FastQC unprocessed: Raw

Click on the galaxy-eye (eye) icon and inspect the generated HTML file

FastQC provides information on various parameters, such as the range of quality values across all bases at each position. MultiQC allows summarizing the output of different outputs from FastQC.

FastQC plots length. — **Figure 3**: Sequence length distribution

In the first place, we are going to analyse the sequence length distribution of the different datasets.

Question

Can you explain the sequence length distribution plot?

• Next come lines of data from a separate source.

(* Let $R$ be a regular run. Then (1) the term SafeToOpen is discrete; (2) for every $t\ge0$, if SafeToOpen holds at $t+$ then it holds at $t$; (3) if SafeToOpen becomes true at a moment $t$, then TrackStatus$(x)$ becomes empty at $t$ for some track $x$.
   Context: Setting (evolving algebra for the railroad crossing). States are structures over a vocabulary containing: a finite universe Tracks; the reals and ExtendedReals $=\mathbb{R}\cup\{\infty\}$ with standard $<$ and $+$ ($\infty$ largest); a nullary real-valued symbol $\mathrm{CT}$ (current time); positive real constants $d_{close},d_{open},d_{min},d_{max}$ with $d_{close}<d_{min}\le d_{max}$; a unary function TrackStatus from Tracks to $\{\text{empty},\text{coming},\text{incrossing}\}$; a unary function Deadline from Tracks to ExtendedReals; a nullary Dir with values in $\{\text{open},\text{close}\}$; a nullary GateStatus with values in $\{\text{opened},\text{closed}\}$. Put $W=d_{min}-d_{close}$ and $\Delta_{close}=d_{close}+(d_{max}-d_{min})=d_{max}-W$. For a track $x$, $s(x)$ is the condition [$\mathrm{TrackStatus}(x)=\text{empty}$ or $\mathrm{CT}+d_{open}<\mathrm{Deadline}(x)$], and SafeToOpen is $\forall x\in\mathrm{Tracks}\ s(x)$. The program has two modules (agents). Gate: simultaneously OpenGate "if Dir=open then GateStatus:=opened" and CloseGate "if Dir=close then GateStatus:=closed". Controller: simultaneously, for every track $x$, SetDeadline$(x)$ "if TrackStatus$(x)$=coming and Deadline$(x)=\infty$ then Deadline$(x):=\mathrm{CT}+W$", SignalClose$(x)$ "if $\mathrm{CT}=$Deadline$(x)$ then Dir:=close", ClearDeadline$(x)$ "if TrackStatus$(x)$=empty and Deadline$(x)<\infty$ then Deadline$(x):=\infty$", together with SignalOpen "if Dir=close and SafeToOpen then Dir:=open". Executing a module means computing all updates it generates in the current state and performing them simultaneously (nothing happens if the update set is inconsistent). A module is enabled at a state if its update set is consistent and contains an update that changes the state. TrackStatus is external (changed only by the environment); Deadline, Dir, GateStatus are internal (changed only by the modules); other symbols are static. Runs: for $t\mapsto R(t)$, $t\in[0,\infty)$, let $\rho(t)$ be the reduct of $R(t)$ without CT. $R$ is a pre-run if all $R(t)$ share a superuniverse, $\mathrm{CT}=t$ in $R(t)$, and for every $\tau>0$ there are $0=t_0<\dots<t_n=\tau$ with $\rho$ constant on each $(t_i,t_{i+1})$. For a term $e$ (free variables fixed), $e_t$ is its value in $R(t)$, $e_{t+}$ (resp. $e_{t-}$, $t>0$) its constant value on some $(t,t+\epsilon)$ (resp. $(t-\epsilon,t)$); likewise $\rho(t\pm)$. $e$ holds over an interval if it holds at each point; $e$ becomes (is set to) $a$ at $t$ if $e_{t-}\ne a=e_t$ or $e_t\neq a=e_{t+}$. A moment $t$ is significant for $e$ if every neighbourhood of $t$ contains a moment $a$ with $e_a\ne e_t$; $e$ is discrete if its set of significant moments has no limit point in $[0,\infty)$. A pre-run is a run if (i) whenever $\rho(t+)\neq\rho(t)$, $\rho(t+)$ is the CT-free reduct of the result of executing some modules at $R(t)$ (these agents fire at $t$), with external functions equal in $\rho(t)$ and $\rho(t+)$; (ii) whenever $t>0$ and $\rho(t)\ne\rho(t-)$, they differ only in external functions. An agent is immediate if it fires at every moment it is enabled; bounded if immediate or there is $b>0$ with no interval $(t,t+b)$ over which it is enabled but never fires. Initial states: TrackStatus$(x)$=empty and Deadline$(x)=\infty$ for every track $x$. A regular run is a run $R$ with $R(0)$ initial such that: (Train Motion) for each track $x$ there is a finite or infinite sequence $0=t_0<t_1<t_2<\cdots$ (the significant moments of $x$) with TrackStatus$(x)$=empty over each $[t_{3i},t_{3i+1})$, =coming over each $[t_{3i+1},t_{3i+2})$ where $d_{min}\le t_{3i+2}-t_{3i+1}\le d_{max}$, =incrossing over each $[t_{3i+2},t_{3i+3})$, and, if the sequence is finite with last element $t_k$, then $3\mid k$ and TrackStatus$(x)$=empty over $[t_k,\infty)$; (Controller Timing) Controller is immediate; (Gate Timing) Gate is bounded, there is no interval $(t,t+d_{close})$ over which Dir=close and GateStatus=opened both hold, and no interval $(t,t+d_{open})$ over which Dir=open and GateStatus=closed both hold. *)

theory Defs
  imports Complex_Main "HOL-Library.Extended_Real"
begin

datatype tstat = Empty | Coming | Incrossing
datatype dirv = DOpen | DClose
datatype gstat = Opened | Closed

text \<open>CT-free part of a state (the reduct rho). The universe Tracks is the type 'tr;
  CT is the time argument t itself; the static constants are parameters.\<close>
record 'tr rstate =
  TrackStatus :: "'tr \<Rightarrow> tstat"
  Deadline :: "'tr \<Rightarrow> ereal"
  Dir :: dirv
  GateStatus :: gstat

datatype 'tr upd = UDeadline 'tr ereal | UDir dirv | UGate gstat

datatype agent = Gate | Controller

definition consistent :: "'tr upd set \<Rightarrow> bool" where
  "consistent U \<longleftrightarrow>
     (\<forall>x a b. UDeadline x a \<in> U \<and> UDeadline x b \<in> U \<longrightarrow> a = b) \<and>
     (\<forall>a b. UDir a \<in> U \<and> UDir b \<in> U \<longrightarrow> a = b) \<and>
     (\<forall>a b. UGate a \<in> U \<and> UGate b \<in> U \<longrightarrow> a = b)"

definition apply_upd :: "'tr upd set \<Rightarrow> 'tr rstate \<Rightarrow> 'tr rstate" where
  "apply_upd U \<sigma> = \<sigma>\<lparr>
     Deadline := (\<lambda>x. if \<exists>v. UDeadline x v \<in> U then (SOME v. UDeadline x v \<in> U) else Deadline \<sigma> x),
     Dir := (if \<exists>v. UDir v \<in> U then (SOME v. UDir v \<in> U) else Dir \<sigma>),
     GateStatus := (if \<exists>v. UGate v \<in> U then (SOME v. UGate v \<in> U) else GateStatus \<sigma>)\<rparr>"

definition changes :: "'tr upd \<Rightarrow> 'tr rstate \<Rightarrow> bool" where
  "changes u \<sigma> = (case u of
      UDeadline x v \<Rightarrow> Deadline \<sigma> x \<noteq> v
    | UDir v \<Rightarrow> Dir \<sigma> \<noteq> v
    | UGate v \<Rightarrow> GateStatus \<sigma> \<noteq> v)"

definition safe_to_open :: "real \<Rightarrow> 'tr rstate \<Rightarrow> real \<Rightarrow> bool" where
  "safe_to_open dopen \<sigma> t \<longleftrightarrow>
     (\<forall>x. TrackStatus \<sigma> x = Empty \<or> ereal (t + dopen) < Deadline \<sigma> x)"

definition gate_updates :: "'tr rstate \<Rightarrow> 'tr upd set" where
  "gate_updates \<sigma> =
     (if Dir \<sigma> = DOpen then {UGate Opened} else {}) \<union>
     (if Dir \<sigma> = DClose then {UGate Closed} else {})"

definition controller_updates ::
    "real \<Rightarrow> real \<Rightarrow> real \<Rightarrow> 'tr rstate \<Rightarrow> real \<Rightarrow> 'tr upd set" where
  "controller_updates dclose dopen dmin \<sigma> t =
     {UDeadline x (ereal (t + (dmin - dclose))) | x.
        TrackStatus \<sigma> x = Coming \<and> Deadline \<sigma> x = \<infinity>}
   \<union> {UDir DClose | x. ereal t = Deadline \<sigma> x}
   \<union> {UDeadline x \<infinity> | x. TrackStatus \<sigma> x = Empty \<and> Deadline \<sigma> x < \<infinity>}
   \<union> (if Dir \<sigma> = DClose \<and> safe_to_open dopen \<sigma> t then {UDir DOpen} else {})"

definition module_updates ::
    "real \<Rightarrow> real \<Rightarrow> real \<Rightarrow> agent \<Rightarrow> 'tr rstate \<Rightarrow> real \<Rightarrow> 'tr upd set" where
  "module_updates dclose dopen dmin A \<sigma> t = (case A of
      Gate \<Rightarrow> gate_updates \<sigma>
    | Controller \<Rightarrow> controller_updates dclose dopen dmin \<sigma> t)"

definition exec_agents ::
    "real \<Rightarrow> real \<Rightarrow> real \<Rightarrow> agent set \<Rightarrow> 'tr rstate \<Rightarrow> real \<Rightarrow> 'tr rstate" where
  "exec_agents dclose dopen dmin M \<sigma> t =
     apply_upd (\<Union>A\<in>M. if consistent (module_updates dclose dopen dmin A \<sigma> t)
                       then module_updates dclose dopen dmin A \<sigma> t else {}) \<sigma>"

definition enabled ::
    "real \<Rightarrow> real \<Rightarrow> real \<Rightarrow> agent \<Rightarrow> 'tr rstate \<Rightarrow> real \<Rightarrow> bool" where
  "enabled dclose dopen dmin A \<sigma> t \<longleftrightarrow>
     consistent (module_updates dclose dopen dmin A \<sigma> t) \<and>
     (\<exists>u\<in>module_updates dclose dopen dmin A \<sigma> t. changes u \<sigma>)"

definition pre_run :: "(real \<Rightarrow> 'tr rstate) \<Rightarrow> bool" where
  "pre_run R \<longleftrightarrow> (\<forall>\<tau>>0. \<exists>ts. ts \<noteq> [] \<and> sorted_wrt (<) ts \<and> hd ts = 0 \<and> last ts = \<tau> \<and>
      (\<forall>i. Suc i < length ts \<longrightarrow> (\<exists>\<sigma>. \<forall>s. ts ! i < s \<and> s < ts ! Suc i \<longrightarrow> R s = \<sigma>)))"

definition fires ::
    "real \<Rightarrow> real \<Rightarrow> real \<Rightarrow> (real \<Rightarrow> 'tr rstate) \<Rightarrow> agent \<Rightarrow> real \<Rightarrow> bool" where
  "fires dclose dopen dmin R A t \<longleftrightarrow>
     (\<exists>\<sigma>. eventually (\<lambda>s. R s = \<sigma>) (at_right t) \<and> \<sigma> \<noteq> R t \<and>
        (\<exists>M. A \<in> M \<and> \<sigma> = exec_agents dclose dopen dmin M (R t) t))"

definition is_run :: "real \<Rightarrow> real \<Rightarrow> real \<Rightarrow> (real \<Rightarrow> 'tr rstate) \<Rightarrow> bool" where
  "is_run dclose dopen dmin R \<longleftrightarrow> pre_run R \<and>
     (\<forall>t\<ge>0. \<forall>\<sigma>. eventually (\<lambda>s. R s = \<sigma>) (at_right t) \<and> \<sigma> \<noteq> R t \<longrightarrow>
        (\<exists>M. \<sigma> = exec_agents dclose dopen dmin M (R t) t \<and>
             TrackStatus \<sigma> = TrackStatus (R t))) \<and>
     (\<forall>t>0. \<forall>\<sigma>. eventually (\<lambda>s. R s = \<sigma>) (at_left t) \<longrightarrow>
        Deadline \<sigma> = Deadline (R t) \<and> Dir \<sigma> = Dir (R t) \<and> GateStatus \<sigma> = GateStatus (R t))"

definition immediate ::
    "real \<Rightarrow> real \<Rightarrow> real \<Rightarrow> (real \<Rightarrow> 'tr rstate) \<Rightarrow> agent \<Rightarrow> bool" where
  "immediate dclose dopen dmin R A \<longleftrightarrow>
     (\<forall>t\<ge>0. enabled dclose dopen dmin A (R t) t \<longrightarrow> fires dclose dopen dmin R A t)"

definition bounded_agent ::
    "real \<Rightarrow> real \<Rightarrow> real \<Rightarrow> (real \<Rightarrow> 'tr rstate) \<Rightarrow> agent \<Rightarrow> bool" where
  "bounded_agent dclose dopen dmin R A \<longleftrightarrow> immediate dclose dopen dmin R A \<or>
     (\<exists>b>0. \<forall>t\<ge>0. \<not> ((\<forall>s\<in>{t<..<t+b}. enabled dclose dopen dmin A (R s) s) \<and>
                     (\<forall>s\<in>{t<..<t+b}. \<not> fires dclose dopen dmin R A s)))"

definition initial_state :: "'tr rstate \<Rightarrow> bool" where
  "initial_state \<sigma> \<longleftrightarrow> (\<forall>x. TrackStatus \<sigma> x = Empty \<and> Deadline \<sigma> x = \<infinity>)"

definition motion_block :: "real \<Rightarrow> real \<Rightarrow> (real \<Rightarrow> tstat) \<Rightarrow> (nat \<Rightarrow> real) \<Rightarrow> nat \<Rightarrow> bool" where
  "motion_block dmin dmax f ts i \<longleftrightarrow>
     (\<forall>s. ts (3*i) \<le> s \<and> s < ts (3*i+1) \<longrightarrow> f s = Empty) \<and>
     (\<forall>s. ts (3*i+1) \<le> s \<and> s < ts (3*i+2) \<longrightarrow> f s = Coming) \<and>
     dmin \<le> ts (3*i+2) - ts (3*i+1) \<and> ts (3*i+2) - ts (3*i+1) \<le> dmax \<and>
     (\<forall>s. ts (3*i+2) \<le> s \<and> s < ts (3*i+3) \<longrightarrow> f s = Incrossing)"

definition train_motion :: "real \<Rightarrow> real \<Rightarrow> (real \<Rightarrow> tstat) \<Rightarrow> bool" where
  "train_motion dmin dmax f \<longleftrightarrow>
     (\<exists>ts. ts 0 = 0 \<and> strict_mono ts \<and> (\<forall>i. motion_block dmin dmax f ts i)) \<or>
     (\<exists>ts k. ts 0 = 0 \<and> (\<forall>i<k. ts i < ts (Suc i)) \<and> 3 dvd k \<and>
        (\<forall>i. 3*i+3 \<le> k \<longrightarrow> motion_block dmin dmax f ts i) \<and>
        (\<forall>s\<ge>ts k. f s = Empty))"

The main peak, around 1700 bp, corresponds approximately to the length of the gene coding for 16S rRNA. There is also a secondary peak around 200 bp, which may be due to truncated amplifications, or as a result of non-specific hybridization of primers used for PCR.

FastQC plots quality. — **Figure 4**: Per base sequence quality

If we examine figure 3, we can see that up to 3000 bp the quality of our sequencing data is around a Phred score of 12, which is a relatively low value compared to other sequencing technologies. This is explained because Nanopore reads poses high error rates in the basecalled reads (10% as compared to 1% for Illumina). However, Nanopore sequencing generates very long reads (in theory only limited by the mechanisms of extraction of the genetic material), enabling the sequencing of the complete 16S rRNA gene, which makes it possible to identify bacterial taxa at higher resolution.

FasTQC plots CG. — **Figure 5**: Per sequence GC content

Let’s have a look at figure 4, which shows the content of the GC by sequence.

Question

What can cause GC content to show a bimodal peak?

There are several possible causes for the presence of twin peaks in the GC content. One possible explanation is the presence of adapters in the sequence. Another possible cause is some kind of contamination, such as chimeras.

Comment

For more information on the topic, please see the quality control tutorial.

Improve the dataset quality

In order to improve the quality of our data, we will use two tools presented above, porechop and fastp.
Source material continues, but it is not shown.